Making this calculation is conceptually difficult to do unless we are clear on what is meant by \begin{equation} \int_{\mathbb{R}} h(u)Y(t-u)\,\mathrm{d}u. \end{equation} It is a random variable and so there is the additional variable that makes it random! Thus we have \begin{equation} X(t,\omega) = \int_{\mathbb{R}} h(u)Y(t-u,\omega)\,\mathrm{d}u. \end{equation}
Deriving the expectation is then just an application of Fubini's theorem and the argument would be \begin{equation} E_{\omega}\left[\int_{\mathbb{R}} h(u)Y(t-u,\omega)\,\mathrm{d}u\right] = \int_{\mathbb{R}} h(u)E_\omega[Y(t-u,\omega)]\,\mathrm{d}u =0. \end{equation} As a rule of thumb: "the expected value of the integral is the integral of the expected value".

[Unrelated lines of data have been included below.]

definition chi :: "('i \<Rightarrow> 'i \<Rightarrow> nat) \<Rightarrow> ('i \<Rightarrow> nat) \<Rightarrow> ('i,'k::field) hall" where
  "chi r d = (\<lambda>c X. if c = d \<and> X \<in> reps r d then 1 else 0)"

definition simple_dim :: "'i \<Rightarrow> 'i \<Rightarrow> nat" where
  "simple_dim i = (\<lambda>j. if j = i then 1 else 0)"

inductive_set comp_alg :: "('i::finite \<Rightarrow> 'i \<Rightarrow> nat) \<Rightarrow> ('i,'k::{finite,field}) hall set"
  for r where
  unit: "chi r (\<lambda>_. 0) \<in> comp_alg r"
| gen: "chi r (simple_dim i) \<in> comp_alg r"
| add: "f \<in> comp_alg r \<Longrightarrow> g \<in> comp_alg r \<Longrightarrow> (\<lambda>c X. f c X + g c X) \<in> comp_alg r"
| smult: "f \<in> comp_alg r \<Longrightarrow> (\<lambda>c X. a * f c X) \<in> comp_alg r"
| mult: "f \<in> comp_alg r \<Longrightarrow> g \<in> comp_alg r \<Longrightarrow> hall_mult r f g \<in> comp_alg r"

end

theory Submission
  imports Defs "HOL-Library.FuncSet"
begin
(* Let $X$ be a finite simplicial complex and $d\ge 0$. Put $r_d=\dim(\operatorname{im}(B_d^\intercal))$, $r_{d+1}=\dim(\operatorname{im}(B_{d+1}))$ and $n_d=\dim(C_d(X))$. Consider vector fields on $C_d(X)$ of the form $$\theta\mapsto B_d^\intercal F^{\downarrow}(B_d\theta)+B_{d+1}F^{\uparrow}(B_{d+1}^\intercal\theta),\qquad (\ast)$$ where $F^{\downarrow}:C_{d-1}(X)\to C_{d-1}(X)$ and $F^{\uparrow}:C_{d+1}(X)\to C_{d+1}(X)$ are arbitrary (nonlinear) maps. The conjugacy classes of all systems of the form $(\ast)$ are exactly the $(r_d,r_{d+1},n_d)$-vector fields. More specifically, every vector field of the form $(\ast)$ is conjugate to an $(r_d,r_{d+1},n_d)$-vector field; conversely, any $(r_d,r_{d+1},n_d)$-vector field is conjugate to a vector field of the form $(\ast)$ for some choice of $F^{\downarrow},F^{\uparrow}$.
   Context: A finite simplicial complex $X$ on vertex set $\{1,\dots,n\}$ is a collection of nonempty subsets of $\{1,\dots,n\}$ closed under taking nonempty subsets; $X_d$ is the set of its simplices with $d+1$ elements. A $d$-simplex with vertices $i_0<\dots<i_d$ is written $[i_0,\dots,i_d]$. $C_d(X)$ is the real vector space with basis $X_d$ and the inner product making $X_d$ orthonormal ($C_d(X)=0$ if $X_d=\emptyset$; in particular $C_{-1}(X)=0$). The boundary map $\partial_d:C_d(X)\to C_{d-1}(X)$ is $\partial_d[i_0,\dots,i_d]=\sum_{k=0}^d(-1)^k[i_0,\dots,\widehat{i_k},\dots,i_d]$ (vertex $i_k$ omitted), and $B_d$ is its matrix with respect to fixed orderings of the bases $X_d$, $X_{d-1}$; $B_d^\intercal$ is its transpose. A map $H:\mathbb{R}^n\to\mathbb{R}^n$ is an $(\alpha,\beta,n)$-vector field ($\alpha+\beta\le n$) if there exist $H_1:\mathbb{R}^\alpha\to\mathbb{R}^\alpha$ and $H_2:\mathbb{R}^\beta\to\mathbb{R}^\beta$ with $H=H_1\oplus H_2\oplus H_3$ with respect to $\mathbb{R}^n=\mathbb{R}^\alpha\oplus\mathbb{R}^\beta\oplus\mathbb{R}^{n-\alpha-\beta}$, where $H_3$ is the zero map on $\mathbb{R}^{n-\alpha-\beta}$. Two vector fields $G$ on $U$ and $H$ on $V$ are conjugate if there is an invertible linear map $M:U\to V$ with $G(x)=M^{-1}H(Mx)$ for all $x$. *)

theory Defs
  imports "Jordan_Normal_Form.DL_Rank"
begin
lemma binomial_powr_mult_Beta_le_Beta:
  fixes \<nu> \<delta> a b :: real
  assumes "\<nu> \<ge> 0" "\<delta> > 0" "a \<ge> \<nu> * m + \<delta>" "b \<ge> \<nu> * n + \<delta>"
  shows "real ((m + n) choose m) powr \<nu> * Beta a b \<le> Beta \<delta> \<delta>"
proof (rule has_integral_le)
  have "\<nu> * m \<ge> 0" "\<nu> * n \<ge> 0"
    using assms by simp_all
  then have "a > 0" "b > 0"
    using assms by linarith+
  then show "((\<lambda>t. real ((m + n) choose m) powr \<nu> * (t powr (a - 1) * (1 - t) powr (b - 1)))
      has_integral real ((m + n) choose m) powr \<nu> * Beta a b) {0<..<1}"
    by (intro has_integral_mult_right has_integral_Beta_Ioo)
  show "((\<lambda>t. t powr (\<delta> - 1) * (1 - t) powr (\<delta> - 1)) has_integral Beta \<delta> \<delta>) {0<..<1}"
    using assms by (intro has_integral_Beta_Ioo)
next
  fix t :: real assume "t \<in> {0<..<1}"
  then have t: "0 < t" "t < 1" by auto
  have "Bernstein (m + n) m t powr \<nu> * (t powr (a - \<nu> * m - 1) * (1 - t) powr (b - \<nu> * n - 1))
      \<le> 1 * (t powr (\<delta> - 1) * (1 - t) powr (\<delta> - 1))"
    using t assms
    by (intro mult_mono powr_le1 powr_mono') (auto simp: abs_of_nonneg Bernstein_le_one Bernstein_nonneg)
  then show "real ((m + n) choose m) powr \<nu> * (t powr (a - 1) * (1 - t) powr (b - 1))
      \<le> t powr (\<delta> - 1) * (1 - t) powr (\<delta> - 1)"
    using t by (simp add: Beta_integrand_eq_Bernstein_powr)
qed

lemma binomial_powr_mult_Beta_le_mode:
  fixes \<nu> a b :: real
  assumes "\<nu> \<ge> 1" "m \<ge> 1" "n \<ge> 1" "a \<ge> \<nu> * m" "b \<ge> \<nu> * n"
  shows "real ((m + n) choose m) powr \<nu> * Beta a b
    \<le> Bernstein (m + n) m (m / (m + n)) powr (\<nu> - 1) * ((real m + real n) / (real m * real n))"
proof -
  define c where "c = real ((m + n) choose m)"
  define P where "P = Bernstein (m + n) m (m / (m + n))"
  have "real m \<ge> 1" "real n \<ge> 1"
    using assms by auto
  then have "a > 0" "b > 0"
    using assms mult_mono[of 1 \<nu> 1 "real m"] mult_mono[of 1 \<nu> 1 "real n"] by auto
  have "c powr \<nu> * Beta a b \<le> P powr (\<nu> - 1) * (c * Beta m n)"
  proof (rule has_integral_le)
    show "((\<lambda>t. c powr \<nu> * (t powr (a - 1) * (1 - t) powr (b - 1))) has_integral c powr \<nu> * Beta a b) {0<..<1}"
      using \<open>a > 0\<close> \<open>b > 0\<close> by (intro has_integral_mult_right has_integral_Beta_Ioo)
    show "((\<lambda>t. P powr (\<nu> - 1) * (c * (t powr (real m - 1) * (1 - t) powr (real n - 1))))
        has_integral P powr (\<nu> - 1) * (c * Beta m n)) {0<..<1}"
      using assms by (intro has_integral_mult_right has_integral_Beta_Ioo) auto
  next
    fix t :: real assume "t \<in> {0<..<1}"
    then have t: "0 < t" "t < 1" by auto
    define B where "B = Bernstein (m + n) m t"
    have B: "0 < B" "B \<le> P"
      using t assms by (auto simp: B_def P_def intro: Bernstein_pos Bernstein_le_mode)
    have "c powr \<nu> * (t powr (a - 1) * (1 - t) powr (b - 1))
        = B powr \<nu> * (t powr (a - \<nu> * m - 1) * (1 - t) powr (b - \<nu> * n - 1))"
      using Beta_integrand_eq_Bernstein_powr[OF t] by (simp add: B_def c_def)
    also have "\<dots> = B powr (\<nu> - 1) * (B * (t powr (a - \<nu> * m - 1) * (1 - t) powr (b - \<nu> * n - 1)))"
      using powr_add[of B "\<nu> - 1" 1] B by simp
    also have "\<dots> \<le> P powr (\<nu> - 1) * (B * (t powr (-1) * (1 - t) powr (-1)))"
      using t B assms by (intro mult_mono powr_mono2 powr_mono') auto
    also have "B * (t powr (-1) * (1 - t) powr (-1)) = c * (t powr (real m - 1) * (1 - t) powr (real n - 1))"
      using Beta_integrand_eq_Bernstein_powr[OF t, of m n 1 m n] t B
      by (simp add: B_def c_def)
    finally show "c powr \<nu> * (t powr (a - 1) * (1 - t) powr (b - 1))
        \<le> P powr (\<nu> - 1) * (c * (t powr (real m - 1) * (1 - t) powr (real n - 1)))" .
  qed
  then show ?thesis
    using binomial_mult_Beta[OF assms(2,3)] by (simp add: c_def P_def)
qed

For the autocovariance function we can proceed similarly (note that I have dropped the "random" argument). Again we use Fubini's theorem to interchange expectation and integral, \begin{align} E(X(t)X(t-k)) &= E\left(\int_{\mathbb{R}} h(u)Y(t -u) \, \mathrm{d}u\int_{\mathbb{R}} h(v)Y(t-k-v) \, \mathrm{d}v\right) \\ &= E\left(\int_{\mathbb{R}}\int_{\mathbb{R}} h(u)h(v)Y(t -u)Y(t-k-v) \, \,\mathrm{d}u\,\mathrm{d}v\right) \\ &= \int_{\mathbb{R}}\int_{\mathbb{R}} h(u)h(v)E[Y(t -u)Y(t-k-v)] \, \,\mathrm{d}u\,\mathrm{d}v. \end{align} Using the fact that $E[Y(t -u)Y(t-k-v)] = \text{Cov}_Y(t-u,t-k-v)$ and since $Y$ is stationary, $\text{Cov}_Y(t-u,t-k-v) = \gamma_Y(t-u -(t-k-v)) = \gamma_Y(k+v-u)$. Thus, \begin{equation} \gamma_X(k) = \int_{\mathbb{R}}\int_{\mathbb{R}} h(u)h(v)\gamma_Y(k+v-u) \, \,\mathrm{d}u\,\mathrm{d}v. \end{equation}
More detail on why this is OK to do:
We have, \begin{align} E_{\omega}\left[\int_{\mathbb{R}} h(u)Y(t-u,\omega)\,\mathrm{d}u\right] &= \int_{\mathbb{R}}\int_{\mathbb{R}} h(u)Y(t-u,\omega)\,\mathrm{d}u\, f(\omega)\,\mathrm{d}\omega \\ &= \int_{\mathbb{R}} h(u)\int_{\mathbb{R}} Y(t-u,\omega)f(\omega)\,\mathrm{d}\omega\,\mathrm{d}u \\ &= \int_{\mathbb{R}} h(u) E_\omega[Y(t-u,\omega)]\,\mathrm{d}u. \end{align} Fubini's theorem is used to interchange the integral signs in the second step (given of course that the conditions of Fubini's theorem are fulfilled).